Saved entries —
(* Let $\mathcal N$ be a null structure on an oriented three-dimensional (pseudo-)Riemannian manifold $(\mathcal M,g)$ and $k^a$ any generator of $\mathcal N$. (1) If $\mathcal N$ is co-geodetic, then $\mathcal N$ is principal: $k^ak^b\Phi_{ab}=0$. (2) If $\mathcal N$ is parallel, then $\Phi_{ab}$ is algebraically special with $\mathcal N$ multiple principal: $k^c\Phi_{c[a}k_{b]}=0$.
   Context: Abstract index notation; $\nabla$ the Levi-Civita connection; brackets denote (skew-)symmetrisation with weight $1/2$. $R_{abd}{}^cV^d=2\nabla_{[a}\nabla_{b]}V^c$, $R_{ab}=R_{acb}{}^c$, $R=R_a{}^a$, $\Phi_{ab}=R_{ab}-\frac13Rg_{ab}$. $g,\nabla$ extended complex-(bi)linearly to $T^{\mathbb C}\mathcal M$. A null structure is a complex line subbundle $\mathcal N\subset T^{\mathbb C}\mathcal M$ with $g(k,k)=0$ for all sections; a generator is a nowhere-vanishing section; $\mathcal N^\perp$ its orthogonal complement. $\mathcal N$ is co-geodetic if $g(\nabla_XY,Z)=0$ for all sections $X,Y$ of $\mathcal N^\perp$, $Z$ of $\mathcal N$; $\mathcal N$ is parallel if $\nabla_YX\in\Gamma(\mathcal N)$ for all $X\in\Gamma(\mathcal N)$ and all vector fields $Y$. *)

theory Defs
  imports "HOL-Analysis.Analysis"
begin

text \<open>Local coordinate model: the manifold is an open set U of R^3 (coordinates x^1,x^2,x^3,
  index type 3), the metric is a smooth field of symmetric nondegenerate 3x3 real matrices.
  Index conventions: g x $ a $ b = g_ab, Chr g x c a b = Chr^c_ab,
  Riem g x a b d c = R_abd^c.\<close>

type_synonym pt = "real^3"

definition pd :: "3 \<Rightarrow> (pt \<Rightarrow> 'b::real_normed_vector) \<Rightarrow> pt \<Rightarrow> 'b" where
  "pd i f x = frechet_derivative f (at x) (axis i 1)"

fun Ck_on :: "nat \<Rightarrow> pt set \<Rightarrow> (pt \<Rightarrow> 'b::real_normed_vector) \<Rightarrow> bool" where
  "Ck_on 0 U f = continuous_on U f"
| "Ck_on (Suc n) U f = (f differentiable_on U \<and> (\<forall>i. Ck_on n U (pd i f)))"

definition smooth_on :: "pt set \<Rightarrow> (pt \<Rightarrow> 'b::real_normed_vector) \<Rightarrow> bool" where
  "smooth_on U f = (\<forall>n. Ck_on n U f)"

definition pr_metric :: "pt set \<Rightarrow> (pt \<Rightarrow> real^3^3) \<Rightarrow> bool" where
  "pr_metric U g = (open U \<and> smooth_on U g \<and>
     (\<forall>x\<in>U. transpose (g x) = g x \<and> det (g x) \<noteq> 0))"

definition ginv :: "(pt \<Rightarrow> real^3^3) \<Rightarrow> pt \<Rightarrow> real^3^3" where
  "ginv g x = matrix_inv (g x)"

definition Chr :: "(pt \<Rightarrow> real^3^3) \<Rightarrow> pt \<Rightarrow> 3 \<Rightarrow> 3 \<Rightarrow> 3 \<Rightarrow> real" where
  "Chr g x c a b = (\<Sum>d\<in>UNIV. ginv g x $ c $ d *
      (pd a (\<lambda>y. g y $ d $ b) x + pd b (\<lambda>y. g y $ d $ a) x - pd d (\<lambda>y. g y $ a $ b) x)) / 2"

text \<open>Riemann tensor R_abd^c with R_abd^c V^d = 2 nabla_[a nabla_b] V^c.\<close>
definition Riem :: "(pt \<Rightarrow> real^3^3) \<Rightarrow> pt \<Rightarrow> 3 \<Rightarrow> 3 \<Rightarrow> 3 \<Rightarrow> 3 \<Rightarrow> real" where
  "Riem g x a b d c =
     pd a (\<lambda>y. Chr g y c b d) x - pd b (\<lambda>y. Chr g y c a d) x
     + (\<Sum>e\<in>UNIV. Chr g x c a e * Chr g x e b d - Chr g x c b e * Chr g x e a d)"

EXERCISE DIRECTIONS —
Each line above needs to be written out again exactly.

EXERCISE ANSWER —
(* Let $\mathcal N$ be a null structure on an oriented three-dimensional (pseudo-)Riemannian manifold $(\mathcal M,g)$ and $k^a$ any generator of $\mathcal N$. (1) If $\mathcal N$ is co-geodetic, then $\mathcal N$ is principal: $k^ak^b\Phi_{ab}=0$. (2) If $\mathcal N$ is parallel, then $\Phi_{ab}$ is algebraically special with $\mathcal N$ multiple principal: $k^c\Phi_{c[a}k_{b]}=0$.
   Context: Abstract index notation; $\nabla$ the Levi-Civita connection; brackets denote (skew-)symmetrisation with weight $1/2$. $R_{abd}{}^cV^d=2\nabla_{[a}\nabla_{b]}V^c$, $R_{ab}=R_{acb}{}^c$, $R=R_a{}^a$, $\Phi_{ab}=R_{ab}-\frac13Rg_{ab}$. $g,\nabla$ extended complex-(bi)linearly to $T^{\mathbb C}\mathcal M$. A null structure is a complex line subbundle $\mathcal N\subset T^{\mathbb C}\mathcal M$ with $g(k,k)=0$ for all sections; a generator is a nowhere-vanishing section; $\mathcal N^\perp$ its orthogonal complement. $\mathcal N$ is co-geodetic if $g(\nabla_XY,Z)=0$ for all sections $X,Y$ of $\mathcal N^\perp$, $Z$ of $\mathcal N$; $\mathcal N$ is parallel if $\nabla_YX\in\Gamma(\mathcal N)$ for all $X\in\Gamma(\mathcal N)$ and all vector fields $Y$. *)

theory Defs
  imports "HOL-Analysis.Analysis"
begin

text \<open>Local coordinate model: the manifold is an open set U of R^3 (coordinates x^1,x^2,x^3,
  index type 3), the metric is a smooth field of symmetric nondegenerate 3x3 real matrices.
  Index conventions: g x $ a $ b = g_ab, Chr g x c a b = Chr^c_ab,
  Riem g x a b d c = R_abd^c.\<close>

type_synonym pt = "real^3"

definition pd :: "3 \<Rightarrow> (pt \<Rightarrow> 'b::real_normed_vector) \<Rightarrow> pt \<Rightarrow> 'b" where
  "pd i f x = frechet_derivative f (at x) (axis i 1)"

fun Ck_on :: "nat \<Rightarrow> pt set \<Rightarrow> (pt \<Rightarrow> 'b::real_normed_vector) \<Rightarrow> bool" where
  "Ck_on 0 U f = continuous_on U f"
| "Ck_on (Suc n) U f = (f differentiable_on U \<and> (\<forall>i. Ck_on n U (pd i f)))"

definition smooth_on :: "pt set \<Rightarrow> (pt \<Rightarrow> 'b::real_normed_vector) \<Rightarrow> bool" where
  "smooth_on U f = (\<forall>n. Ck_on n U f)"

definition pr_metric :: "pt set \<Rightarrow> (pt \<Rightarrow> real^3^3) \<Rightarrow> bool" where
  "pr_metric U g = (open U \<and> smooth_on U g \<and>
     (\<forall>x\<in>U. transpose (g x) = g x \<and> det (g x) \<noteq> 0))"

definition ginv :: "(pt \<Rightarrow> real^3^3) \<Rightarrow> pt \<Rightarrow> real^3^3" where
  "ginv g x = matrix_inv (g x)"

definition Chr :: "(pt \<Rightarrow> real^3^3) \<Rightarrow> pt \<Rightarrow> 3 \<Rightarrow> 3 \<Rightarrow> 3 \<Rightarrow> real" where
  "Chr g x c a b = (\<Sum>d\<in>UNIV. ginv g x $ c $ d *
      (pd a (\<lambda>y. g y $ d $ b) x + pd b (\<lambda>y. g y $ d $ a) x - pd d (\<lambda>y. g y $ a $ b) x)) / 2"

text \<open>Riemann tensor R_abd^c with R_abd^c V^d = 2 nabla_[a nabla_b] V^c.\<close>
definition Riem :: "(pt \<Rightarrow> real^3^3) \<Rightarrow> pt \<Rightarrow> 3 \<Rightarrow> 3 \<Rightarrow> 3 \<Rightarrow> 3 \<Rightarrow> real" where
  "Riem g x a b d c =
     pd a (\<lambda>y. Chr g y c b d) x - pd b (\<lambda>y. Chr g y c a d) x
     + (\<Sum>e\<in>UNIV. Chr g x c a e * Chr g x e b d - Chr g x c b e * Chr g x e a d)"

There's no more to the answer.